BEGIN

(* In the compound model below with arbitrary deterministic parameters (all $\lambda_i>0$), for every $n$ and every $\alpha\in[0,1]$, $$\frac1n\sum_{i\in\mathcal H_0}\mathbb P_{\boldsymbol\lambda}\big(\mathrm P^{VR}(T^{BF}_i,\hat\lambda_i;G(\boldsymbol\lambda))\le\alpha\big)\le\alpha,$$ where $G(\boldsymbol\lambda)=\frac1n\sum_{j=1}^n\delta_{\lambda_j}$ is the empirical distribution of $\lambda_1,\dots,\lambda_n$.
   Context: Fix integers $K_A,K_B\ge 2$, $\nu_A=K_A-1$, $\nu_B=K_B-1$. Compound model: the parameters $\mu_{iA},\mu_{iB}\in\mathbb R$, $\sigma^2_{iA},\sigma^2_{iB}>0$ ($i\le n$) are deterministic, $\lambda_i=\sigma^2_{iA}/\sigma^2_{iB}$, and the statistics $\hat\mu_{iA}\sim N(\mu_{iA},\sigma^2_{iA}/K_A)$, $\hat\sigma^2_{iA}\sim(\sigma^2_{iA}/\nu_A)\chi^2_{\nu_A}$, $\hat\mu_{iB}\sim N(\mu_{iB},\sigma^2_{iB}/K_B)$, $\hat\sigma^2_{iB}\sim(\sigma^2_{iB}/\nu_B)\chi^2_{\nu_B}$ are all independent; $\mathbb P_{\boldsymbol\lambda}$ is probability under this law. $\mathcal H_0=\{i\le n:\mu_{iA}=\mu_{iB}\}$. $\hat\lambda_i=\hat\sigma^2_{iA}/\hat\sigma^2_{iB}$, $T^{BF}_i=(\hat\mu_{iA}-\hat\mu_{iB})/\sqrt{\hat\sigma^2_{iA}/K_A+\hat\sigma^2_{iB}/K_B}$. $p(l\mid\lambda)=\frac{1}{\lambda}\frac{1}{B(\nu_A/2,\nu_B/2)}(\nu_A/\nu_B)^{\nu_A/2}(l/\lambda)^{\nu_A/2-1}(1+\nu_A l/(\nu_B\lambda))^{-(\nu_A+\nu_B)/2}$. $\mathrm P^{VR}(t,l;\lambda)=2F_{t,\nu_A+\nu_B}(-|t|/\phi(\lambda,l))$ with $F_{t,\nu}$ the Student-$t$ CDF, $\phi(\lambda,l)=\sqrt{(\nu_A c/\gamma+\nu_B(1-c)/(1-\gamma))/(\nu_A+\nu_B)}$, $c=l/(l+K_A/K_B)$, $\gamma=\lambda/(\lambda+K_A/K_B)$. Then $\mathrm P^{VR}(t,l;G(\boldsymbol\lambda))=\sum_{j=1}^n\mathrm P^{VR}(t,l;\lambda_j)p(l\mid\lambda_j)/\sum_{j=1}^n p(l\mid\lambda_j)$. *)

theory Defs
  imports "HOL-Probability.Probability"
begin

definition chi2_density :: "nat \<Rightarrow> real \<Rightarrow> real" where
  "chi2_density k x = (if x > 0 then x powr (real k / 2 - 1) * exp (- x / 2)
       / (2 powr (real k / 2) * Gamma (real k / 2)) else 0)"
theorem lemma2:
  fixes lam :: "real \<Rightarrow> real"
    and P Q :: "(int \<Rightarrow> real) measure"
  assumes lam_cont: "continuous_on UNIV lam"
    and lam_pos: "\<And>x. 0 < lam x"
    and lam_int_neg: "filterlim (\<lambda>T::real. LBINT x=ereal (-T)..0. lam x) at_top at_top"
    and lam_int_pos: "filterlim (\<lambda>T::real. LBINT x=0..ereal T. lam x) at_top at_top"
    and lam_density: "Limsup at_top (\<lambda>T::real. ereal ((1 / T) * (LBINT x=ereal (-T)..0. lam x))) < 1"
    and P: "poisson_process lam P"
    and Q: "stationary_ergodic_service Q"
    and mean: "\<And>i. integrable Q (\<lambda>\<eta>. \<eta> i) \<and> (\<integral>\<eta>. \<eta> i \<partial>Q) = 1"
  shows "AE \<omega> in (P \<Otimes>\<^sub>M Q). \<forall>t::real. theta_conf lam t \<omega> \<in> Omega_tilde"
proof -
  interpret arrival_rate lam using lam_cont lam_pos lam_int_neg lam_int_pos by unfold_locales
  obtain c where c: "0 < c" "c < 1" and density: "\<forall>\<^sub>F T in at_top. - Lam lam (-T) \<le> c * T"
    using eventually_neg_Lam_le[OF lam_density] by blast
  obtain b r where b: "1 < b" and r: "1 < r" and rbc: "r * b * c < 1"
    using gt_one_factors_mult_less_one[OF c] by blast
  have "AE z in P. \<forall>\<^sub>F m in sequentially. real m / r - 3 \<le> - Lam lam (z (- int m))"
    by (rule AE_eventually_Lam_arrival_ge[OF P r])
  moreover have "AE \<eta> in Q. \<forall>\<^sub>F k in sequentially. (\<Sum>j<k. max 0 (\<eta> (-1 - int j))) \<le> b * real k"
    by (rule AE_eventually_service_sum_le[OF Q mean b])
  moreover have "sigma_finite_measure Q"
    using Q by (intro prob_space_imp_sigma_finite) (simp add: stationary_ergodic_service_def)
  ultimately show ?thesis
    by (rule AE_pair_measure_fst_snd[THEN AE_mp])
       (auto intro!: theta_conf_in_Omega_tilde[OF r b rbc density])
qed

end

END
BEGIN

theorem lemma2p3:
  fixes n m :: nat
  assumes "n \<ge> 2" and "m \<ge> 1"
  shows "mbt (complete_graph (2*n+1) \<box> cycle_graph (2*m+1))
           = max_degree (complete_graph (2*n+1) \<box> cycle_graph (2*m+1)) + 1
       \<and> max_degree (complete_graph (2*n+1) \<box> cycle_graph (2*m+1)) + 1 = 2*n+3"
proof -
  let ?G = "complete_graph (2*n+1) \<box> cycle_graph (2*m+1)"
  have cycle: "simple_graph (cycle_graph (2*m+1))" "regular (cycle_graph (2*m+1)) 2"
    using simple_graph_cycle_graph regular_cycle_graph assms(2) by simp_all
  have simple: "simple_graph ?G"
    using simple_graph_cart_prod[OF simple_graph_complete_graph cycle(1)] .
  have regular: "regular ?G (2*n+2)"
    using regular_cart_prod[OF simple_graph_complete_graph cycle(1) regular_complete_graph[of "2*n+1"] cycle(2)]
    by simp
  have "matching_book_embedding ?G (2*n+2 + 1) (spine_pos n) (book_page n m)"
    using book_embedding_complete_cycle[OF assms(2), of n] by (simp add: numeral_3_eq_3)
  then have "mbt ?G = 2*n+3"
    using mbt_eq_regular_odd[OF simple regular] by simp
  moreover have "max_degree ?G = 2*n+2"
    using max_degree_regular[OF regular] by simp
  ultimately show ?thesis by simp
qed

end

END
BEGIN

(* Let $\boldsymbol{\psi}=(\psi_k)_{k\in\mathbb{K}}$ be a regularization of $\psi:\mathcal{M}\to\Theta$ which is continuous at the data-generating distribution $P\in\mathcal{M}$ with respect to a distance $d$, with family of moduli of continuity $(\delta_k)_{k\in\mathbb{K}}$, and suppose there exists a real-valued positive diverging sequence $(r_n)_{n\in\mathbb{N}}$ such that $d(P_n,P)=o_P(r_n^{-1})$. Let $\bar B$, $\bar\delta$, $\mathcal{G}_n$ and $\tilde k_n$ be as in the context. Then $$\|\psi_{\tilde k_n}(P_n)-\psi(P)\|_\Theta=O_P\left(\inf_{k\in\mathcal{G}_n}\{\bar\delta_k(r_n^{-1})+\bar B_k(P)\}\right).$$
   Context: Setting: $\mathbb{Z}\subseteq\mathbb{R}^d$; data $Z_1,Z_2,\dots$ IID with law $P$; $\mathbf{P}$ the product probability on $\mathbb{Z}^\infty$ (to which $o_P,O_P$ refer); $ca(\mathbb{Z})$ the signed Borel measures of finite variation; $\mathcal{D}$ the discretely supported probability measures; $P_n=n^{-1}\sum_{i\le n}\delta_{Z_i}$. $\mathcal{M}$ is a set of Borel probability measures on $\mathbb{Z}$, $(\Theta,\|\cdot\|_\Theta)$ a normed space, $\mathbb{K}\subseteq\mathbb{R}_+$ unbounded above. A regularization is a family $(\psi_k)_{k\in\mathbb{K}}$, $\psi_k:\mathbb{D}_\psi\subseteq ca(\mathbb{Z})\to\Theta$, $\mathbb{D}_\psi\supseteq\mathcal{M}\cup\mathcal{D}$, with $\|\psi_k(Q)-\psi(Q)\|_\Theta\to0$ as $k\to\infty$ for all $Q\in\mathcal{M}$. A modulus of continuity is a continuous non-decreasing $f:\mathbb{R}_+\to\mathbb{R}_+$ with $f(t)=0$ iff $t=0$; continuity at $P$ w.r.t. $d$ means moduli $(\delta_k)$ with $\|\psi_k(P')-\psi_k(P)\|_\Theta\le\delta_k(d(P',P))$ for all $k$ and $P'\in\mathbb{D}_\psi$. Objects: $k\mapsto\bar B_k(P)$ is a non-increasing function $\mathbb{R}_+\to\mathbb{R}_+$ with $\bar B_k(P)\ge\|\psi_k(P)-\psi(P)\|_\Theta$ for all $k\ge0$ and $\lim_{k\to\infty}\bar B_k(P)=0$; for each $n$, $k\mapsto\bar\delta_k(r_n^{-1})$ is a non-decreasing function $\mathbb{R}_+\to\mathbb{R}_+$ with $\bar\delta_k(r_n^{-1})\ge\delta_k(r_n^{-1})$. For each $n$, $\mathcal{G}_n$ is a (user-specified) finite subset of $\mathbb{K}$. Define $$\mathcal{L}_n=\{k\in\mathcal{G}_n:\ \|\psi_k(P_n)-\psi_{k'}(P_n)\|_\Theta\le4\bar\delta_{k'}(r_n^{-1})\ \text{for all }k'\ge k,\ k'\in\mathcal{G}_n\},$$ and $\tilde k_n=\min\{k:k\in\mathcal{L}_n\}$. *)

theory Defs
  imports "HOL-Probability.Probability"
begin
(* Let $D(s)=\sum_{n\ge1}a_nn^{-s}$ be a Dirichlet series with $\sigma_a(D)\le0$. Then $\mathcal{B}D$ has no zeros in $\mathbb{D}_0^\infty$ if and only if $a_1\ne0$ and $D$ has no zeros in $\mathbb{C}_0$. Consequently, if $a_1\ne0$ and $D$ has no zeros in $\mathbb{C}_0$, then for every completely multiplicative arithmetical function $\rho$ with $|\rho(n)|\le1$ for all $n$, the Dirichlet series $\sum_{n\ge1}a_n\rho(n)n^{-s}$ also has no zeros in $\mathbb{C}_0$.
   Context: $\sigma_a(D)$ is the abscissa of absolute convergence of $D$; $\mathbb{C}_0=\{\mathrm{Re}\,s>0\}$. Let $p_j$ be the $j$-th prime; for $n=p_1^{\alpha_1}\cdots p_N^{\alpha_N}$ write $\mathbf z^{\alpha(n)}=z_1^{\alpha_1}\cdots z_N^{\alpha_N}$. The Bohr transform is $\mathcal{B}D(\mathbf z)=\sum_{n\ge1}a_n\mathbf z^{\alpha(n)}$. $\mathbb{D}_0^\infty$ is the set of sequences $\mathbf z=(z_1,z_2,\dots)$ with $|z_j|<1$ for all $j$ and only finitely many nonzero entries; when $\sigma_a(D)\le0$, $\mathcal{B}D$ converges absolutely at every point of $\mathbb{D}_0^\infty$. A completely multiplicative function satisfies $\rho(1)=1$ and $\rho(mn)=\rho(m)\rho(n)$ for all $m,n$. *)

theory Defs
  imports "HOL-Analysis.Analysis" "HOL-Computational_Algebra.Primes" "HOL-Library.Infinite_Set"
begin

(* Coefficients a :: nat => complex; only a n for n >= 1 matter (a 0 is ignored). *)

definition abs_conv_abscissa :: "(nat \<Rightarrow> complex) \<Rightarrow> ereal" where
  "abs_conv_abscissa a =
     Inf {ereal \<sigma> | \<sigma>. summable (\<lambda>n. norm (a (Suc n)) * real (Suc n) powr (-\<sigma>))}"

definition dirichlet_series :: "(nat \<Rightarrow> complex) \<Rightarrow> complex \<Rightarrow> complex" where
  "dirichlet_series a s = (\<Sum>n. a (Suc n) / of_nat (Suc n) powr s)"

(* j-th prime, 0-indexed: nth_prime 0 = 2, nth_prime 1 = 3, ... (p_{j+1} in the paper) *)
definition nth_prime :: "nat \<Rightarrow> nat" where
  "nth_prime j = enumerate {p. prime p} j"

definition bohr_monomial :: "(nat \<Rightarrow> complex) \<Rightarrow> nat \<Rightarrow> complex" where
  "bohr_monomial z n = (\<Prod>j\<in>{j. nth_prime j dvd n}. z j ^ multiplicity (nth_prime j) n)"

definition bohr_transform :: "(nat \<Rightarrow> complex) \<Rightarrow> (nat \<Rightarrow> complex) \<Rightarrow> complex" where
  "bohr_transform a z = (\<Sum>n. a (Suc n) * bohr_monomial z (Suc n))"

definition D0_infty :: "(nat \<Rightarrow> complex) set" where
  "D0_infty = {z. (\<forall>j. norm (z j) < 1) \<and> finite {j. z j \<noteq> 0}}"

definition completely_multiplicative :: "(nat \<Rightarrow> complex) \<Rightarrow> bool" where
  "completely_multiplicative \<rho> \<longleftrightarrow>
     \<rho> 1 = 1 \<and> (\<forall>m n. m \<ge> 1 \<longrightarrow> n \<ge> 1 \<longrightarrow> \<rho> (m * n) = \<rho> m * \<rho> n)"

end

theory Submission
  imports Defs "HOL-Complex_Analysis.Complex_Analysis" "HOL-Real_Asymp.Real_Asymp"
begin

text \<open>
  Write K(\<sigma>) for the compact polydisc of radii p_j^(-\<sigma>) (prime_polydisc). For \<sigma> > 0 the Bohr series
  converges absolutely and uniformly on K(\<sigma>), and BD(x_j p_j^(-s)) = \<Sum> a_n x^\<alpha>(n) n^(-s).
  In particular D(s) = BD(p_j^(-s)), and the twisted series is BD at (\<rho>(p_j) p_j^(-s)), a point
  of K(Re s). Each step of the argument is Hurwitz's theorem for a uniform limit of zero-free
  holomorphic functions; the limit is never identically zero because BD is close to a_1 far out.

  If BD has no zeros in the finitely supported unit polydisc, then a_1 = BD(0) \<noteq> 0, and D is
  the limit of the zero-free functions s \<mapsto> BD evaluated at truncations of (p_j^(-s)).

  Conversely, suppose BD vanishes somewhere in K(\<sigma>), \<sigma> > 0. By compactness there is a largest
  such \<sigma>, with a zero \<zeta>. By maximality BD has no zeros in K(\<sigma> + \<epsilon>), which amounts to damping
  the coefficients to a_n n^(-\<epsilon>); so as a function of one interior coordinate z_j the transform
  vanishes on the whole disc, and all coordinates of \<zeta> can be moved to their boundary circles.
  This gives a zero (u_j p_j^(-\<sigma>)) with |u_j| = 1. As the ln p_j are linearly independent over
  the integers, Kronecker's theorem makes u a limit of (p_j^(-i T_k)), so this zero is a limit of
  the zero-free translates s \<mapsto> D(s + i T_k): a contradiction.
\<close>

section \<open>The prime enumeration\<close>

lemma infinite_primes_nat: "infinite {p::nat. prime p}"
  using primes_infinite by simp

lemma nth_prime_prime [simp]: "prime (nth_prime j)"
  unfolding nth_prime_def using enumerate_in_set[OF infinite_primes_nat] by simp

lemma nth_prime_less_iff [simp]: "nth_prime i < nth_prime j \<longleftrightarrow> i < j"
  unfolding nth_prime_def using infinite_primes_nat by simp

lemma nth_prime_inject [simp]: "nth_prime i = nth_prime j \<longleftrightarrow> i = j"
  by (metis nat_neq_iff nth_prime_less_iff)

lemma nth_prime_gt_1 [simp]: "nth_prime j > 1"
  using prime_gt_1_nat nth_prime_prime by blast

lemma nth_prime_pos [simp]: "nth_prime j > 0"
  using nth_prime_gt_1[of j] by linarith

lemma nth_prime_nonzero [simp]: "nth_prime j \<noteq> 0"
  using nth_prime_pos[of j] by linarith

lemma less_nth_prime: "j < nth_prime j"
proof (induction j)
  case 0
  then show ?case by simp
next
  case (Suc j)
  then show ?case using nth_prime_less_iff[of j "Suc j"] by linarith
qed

END

How many lines of the material contain the string "shows"? Answer with that number alone.

2